From: Robert J. Bradbury (bradbury@aeiveos.com)
Date: Wed Dec 13 2000 - 13:56:06 MST
On 11/21/00, I wrote diatribe on:
> "Want to live to 200? Being a cyborg has advantages"
> http://www.theage.com.au/news/20001105/A26872-2000Nov4.html
> >Then, are you a human or a computer, and who's side are you on?
>
>Its always easy to cast as "us" vs. "them". Instead we merge as the
>humans who are not too afraid to evolve, do so, perhaps in the
>end choosing to leave the planet to those who choose not to do so.
To which Max, responded:
> Apparently the reporter read a very different version of The Age of
> Spiritual Machines than the one I read. Several of Robert's criticisms
> should be aimed at the reporter, not at Ray Kurzweil. The one quoted above
> in particular.
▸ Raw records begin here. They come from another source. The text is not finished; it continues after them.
text \<open>Quasimeasures are represented as functions (rank, index vector) => real.
  Fourier coefficient hat tau_n(Delta^(r)_l), computed at the least admissible rank k
  (k >= r and n < 2^k 1); by the quasimeasure property the value does not depend on k.\<close>
definition hat_tau :: "(nat \<Rightarrow> ('d::finite) vec \<Rightarrow> real) \<Rightarrow> 'd vec \<Rightarrow> nat \<Rightarrow> 'd vec \<Rightarrow> real" where
  "hat_tau \<tau> n r l =
     (let k = (LEAST k. r \<le> k \<and> (\<forall>i. n i < 2 ^ k))
      in \<Sum>m\<in>{m. m \<in> box (2 ^ k) \<and> cube k m \<subseteq> cube r l}. walshk k n m * \<tau> k m)"

fun tauE :: "('d::finite) point set \<Rightarrow> nat \<Rightarrow> 'd vec \<Rightarrow> real" where
  "tauE E 0 m = 1"
| "tauE E (Suc k) m =
     (if cube (Suc k) m \<inter> E = {} then 0
      else tauE E k (\<lambda>i. m i div 2) /
           real (card {\<sigma> \<in> box 2. cube (Suc k) (\<lambda>i. 2 * (m i div 2) + \<sigma> i) \<inter> E \<noteq> {}}))"

text \<open>m_s with m_1 = 0, m_{s+1} = 2(2 m_s + 1); ms s is meaningful for s >= 1.\<close>
primrec ms0 :: "nat \<Rightarrow> nat" where
  "ms0 0 = 0"
| "ms0 (Suc j) = 2 * (2 * ms0 j + 1)"

definition ms :: "nat \<Rightarrow> nat" where
  "ms s = ms0 (s - 1)"

definition Fs_pi :: "nat \<Rightarrow> (('d::finite) vec \<Rightarrow> 'd vec) \<Rightarrow> 'd point set" where
  "Fs_pi s p = (\<Union>m\<in>box (2 ^ ms s). \<Union>m'\<in>box (2 ^ ms s).
      {g \<in> cube (2 * ms s) (\<lambda>i. 2 ^ ms s * m i + m' i).
         rad (2 * ms s) g = walshk (ms s) (p m) m'})"

definition F_pi :: "(nat \<Rightarrow> ('d::finite) vec \<Rightarrow> 'd vec) \<Rightarrow> 'd point set" where
  "F_pi \<pi> = (\<Inter>s\<in>{1..}. Fs_pi s (\<pi> s))"

definition Fset :: "('d::finite) point set" where
  "Fset = (\<Inter>s\<in>{1..}. Fs_pi s id)"

end

theory Submission
  imports Defs
begin

text \<open>
  The set F^\<pi> is cut out digit by digit: the constraint at level t only involves the
  digits up to t, it is void unless t = 2m_s, and at level 2m_s it prescribes the parity
  of the digit vector (g^1_t, ..., g^d_t), which leaves exactly half of the 2^d choices.
  Hence \<tau>_F has the same value c on all cubes of rank K that meet F. Taking for K the
  least rank \<ge> m_s with n < 2^K (so K \<le> 2m_s + 1), the Fourier coefficient becomes c times
  a sum of W_n(P) over the admissible digit strings P of length K inside the given cube.

  Since n is not in the box, some n^i1 has a digit 1 at a place j in [m_s, K); since n is
  not in B_{2m_s}, some n^i0 has digit 0 at 2m_s. Flipping digit j of coordinate i1
  reverses the sign of W_n and affects admissibility only at level 2m_s (there are no
  other constrained levels between m_s and 2m_s + 1); if it does, flipping also digit 2m_s
  of coordinate i0 repairs this without changing W_n. This sign-reversing involution on
  admissible strings makes the sum vanish.
\<close>

section \<open>Binary digits, sums and products\<close>

lemma not_bit_nat_above:
  fixes x :: nat
  assumes "x < 2 ^ k" "k \<le> j"
  shows "\<not> bit x j"
proof -
  have "x < 2 ^ j"
    using assms power_increasing[of k j "2::nat"] by linarith
  then show ?thesis by (simp add: bit_iff_odd)
qed

lemma finite_bit_nat: "finite {k. bit (x::nat) k}"
proof (rule finite_subset)
  show "{k. bit x k} \<subseteq> {..<x}"
    using not_bit_nat_above[OF less_exp[of x]] by (auto simp: not_less[symmetric])
qed simp

lemma exists_bit_between:
  fixes x :: nat
  assumes "2 ^ M \<le> x" "x < 2 ^ K"
  obtains j where "M \<le> j" "j < K" "bit x j"
proof (rule ccontr)
  assume "\<not> thesis"
  with that have no_bit: "\<And>j. M \<le> j \<Longrightarrow> j < K \<Longrightarrow> \<not> bit x j" by blast
  have "x = take_bit M x"
  proof (rule bit_eqI)
    fix j
    show "bit x j \<longleftrightarrow> bit (take_bit M x) j"
      using no_bit[of j] not_bit_nat_above[OF assms(2), of j]
      by (cases "j < M"; cases "j < K") (auto simp: bit_take_bit_iff)
  qed
  then show False
    using assms(1) take_bit_nat_less_exp[of M x] by linarith
qed

lemma sum_sign_reversing_involution:
  fixes f :: "'a \<Rightarrow> 'b::linordered_ab_group_add"
  assumes "\<And>x. x \<in> A \<Longrightarrow> \<Phi> x \<in> A" "\<And>x. x \<in> A \<Longrightarrow> \<Phi> (\<Phi> x) = x"
    and "\<And>x. x \<in> A \<Longrightarrow> f (\<Phi> x) = - f x"
  shows "sum f A = 0"
proof -
  have "sum f A = sum (\<lambda>x. f (\<Phi> x)) A"
    by (rule sum.reindex_bij_witness[where i = \<Phi> and j = \<Phi>]) (use assms in auto)
  also have "\<dots> = - sum f A"
    by (simp add: assms(3) sum_negf)
  finally show ?thesis by simp
qed

lemma prod_fun_upd_remove:
  assumes "finite A" "i \<in> A"
  shows "(\<Prod>j\<in>A. F j ((\<sigma>(i := x)) j)) = F i x * (\<Prod>j\<in>A - {i}. F j (\<sigma> j))"
proof -
  have "(\<Prod>j\<in>A - {i}. F j ((\<sigma>(i := x)) j)) = (\<Prod>j\<in>A - {i}. F j (\<sigma> j))"
    by (rule prod.cong) auto
  then show ?thesis
    using prod.remove[OF assms, of "\<lambda>j. F j ((\<sigma>(i := x)) j)"] by simp
qed

section \<open>Dyadic cubes and digit operations\<close>

primrec cube_index :: "nat \<Rightarrow> 'd point \<Rightarrow> 'd vec" where
  "cube_index 0 g = (\<lambda>i. 0)"
| "cube_index (Suc k) g = (\<lambda>i. 2 * cube_index k g i + of_bool (g i k))"

definition agree :: "nat \<Rightarrow> 'd point \<Rightarrow> 'd point \<Rightarrow> bool" where
  "agree k g h \<longleftrightarrow> (\<forall>i t. t < k \<longrightarrow> g i t = h i t)"

definition truncate :: "nat \<Rightarrow> 'd point \<Rightarrow> 'd point" where
  "truncate k g = (\<lambda>i t. t < k \<and> g i t)"

definition shift :: "nat \<Rightarrow> 'd point \<Rightarrow> 'd point" where
  "shift M g = (\<lambda>i t. g i (t + M))"

definition set_digit :: "nat \<Rightarrow> 'd point \<Rightarrow> 'd vec \<Rightarrow> 'd point" where
  "set_digit k g \<sigma> = (\<lambda>i t. if t = k then odd (\<sigma> i) else g i t)"

definition flip_digit :: "'d \<Rightarrow> nat \<Rightarrow> 'd point \<Rightarrow> 'd point" where
  "flip_digit i j g = g(i := (g i)(j := \<not> g i j))"

lemma agree_refl [simp]: "agree k g g"
  by (simp add: agree_def)

lemma agree_trans: "agree k f g \<Longrightarrow> agree k g h \<Longrightarrow> agree k f h"
  by (simp add: agree_def)

lemma agree_mono: "agree k g h \<Longrightarrow> j \<le> k \<Longrightarrow> agree j g h"
  by (simp add: agree_def)

lemma agree_truncate [simp]: "agree k h (truncate k g) \<longleftrightarrow> agree k h g"
  by (simp add: agree_def truncate_def)

lemma agree_set_digit: "j \<le> k \<Longrightarrow> agree j (set_digit k g \<sigma>) g"
  by (simp add: agree_def set_digit_def)

lemma agree_flip_digit: "k \<le> j \<Longrightarrow> agree k (flip_digit i j g) g"
  by (simp add: agree_def flip_digit_def)

lemma bit_cube_index: "bit (cube_index k g i) j \<longleftrightarrow> j < k \<and> g i (k - 1 - j)"
proof (induction k arbitrary: j)
  case (Suc k)
  then show ?case by (cases j) (auto simp: bit_0 bit_Suc)
qed simp

lemma cube_index_in_box: "cube_index k g \<in> box (2 ^ k)"
proof -
  have "cube_index k g i < 2 ^ k" for i
    by (induction k) auto
  then show ?thesis by (simp add: box_def)
qed

lemma cube_index_agree: "agree k g h \<Longrightarrow> cube_index k g = cube_index k h"
  unfolding agree_def by (induction k) simp_all

lemma cube_index_Suc_div_2: "cube_index (Suc k) g i div 2 = cube_index k g i"
  by simp

lemma cube_index_set_digit:
  assumes "\<sigma> \<in> box 2"
  shows "cube_index (Suc k) (set_digit k g \<sigma>) = (\<lambda>i. 2 * cube_index k g i + \<sigma> i)"
proof (rule ext)
  fix i
  have "\<sigma> i = 0 \<or> \<sigma> i = 1"
    using assms by (auto simp: box_def less_2_cases_iff)
  then show "cube_index (Suc k) (set_digit k g \<sigma>) i = 2 * cube_index k g i + \<sigma> i"
    using cube_index_agree[OF agree_set_digit[of k k g \<sigma>]] by (auto simp: set_digit_def)
qed

lemma cube_index_add:
  "cube_index (M + k) g i = 2 ^ k * cube_index M g i + cube_index k (shift M g) i"
  by (induction k) (simp_all add: shift_def add.commute)

lemma cube_pt_cube_index: "cube_pt k (cube_index k g) = truncate k g"
  by (auto simp: cube_pt_def truncate_def bit_cube_index fun_eq_iff)

lemma cube_index_cube_pt: "m \<in> box (2 ^ k) \<Longrightarrow> cube_index k (cube_pt k m) = m"
proof (intro ext bit_eqI)
  fix i j assume "m \<in> box (2 ^ k)"
  then have "m i < 2 ^ k" by (simp add: box_def)
  then show "bit (cube_index k (cube_pt k m) i) j \<longleftrightarrow> bit (m i) j"
    using not_bit_nat_above[of "m i" k j]
    by (cases "j < k") (auto simp: bit_cube_index cube_pt_def)
qed

lemma cube_eq_agree: "cube k m = {g. agree k g (cube_pt k m)}"
  by (auto simp: cube_def agree_def cube_pt_def)

lemma cube_cube_index: "cube k (cube_index k g) = {h. agree k h g}"
  by (simp add: cube_eq_agree cube_pt_cube_index)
Quite unlike Hans Moravec, Kurzweil goes to considerable
> lengths to show how humans and machine intelligence will merge. His is
> *not* a picture of us vs. them.
Max, your response serves me warning for commenting on comments on
material that I myself haven't read. It makes me wonder whether
the reporter in fact read Kurzweil's book or whether Ray is presenting
different visions to different people (I seem to recall others
reaching similar conclusions). I do agree that Moravec paints
a somewhat grimmer picture in "Robots", but if you go back to
"Mind Children", the bush-robot idea is precisely one of the
technologies you need to transfer your mind into better hardware.
Perhaps Moravec has become more pessimistic as he views the pace of
Robotic development speeding up but people becoming more Luddite-ish
in response to the increasing pace of technological change.
In any case it is only people who have limited visions of what humanity
can or might become who fear to tread the path.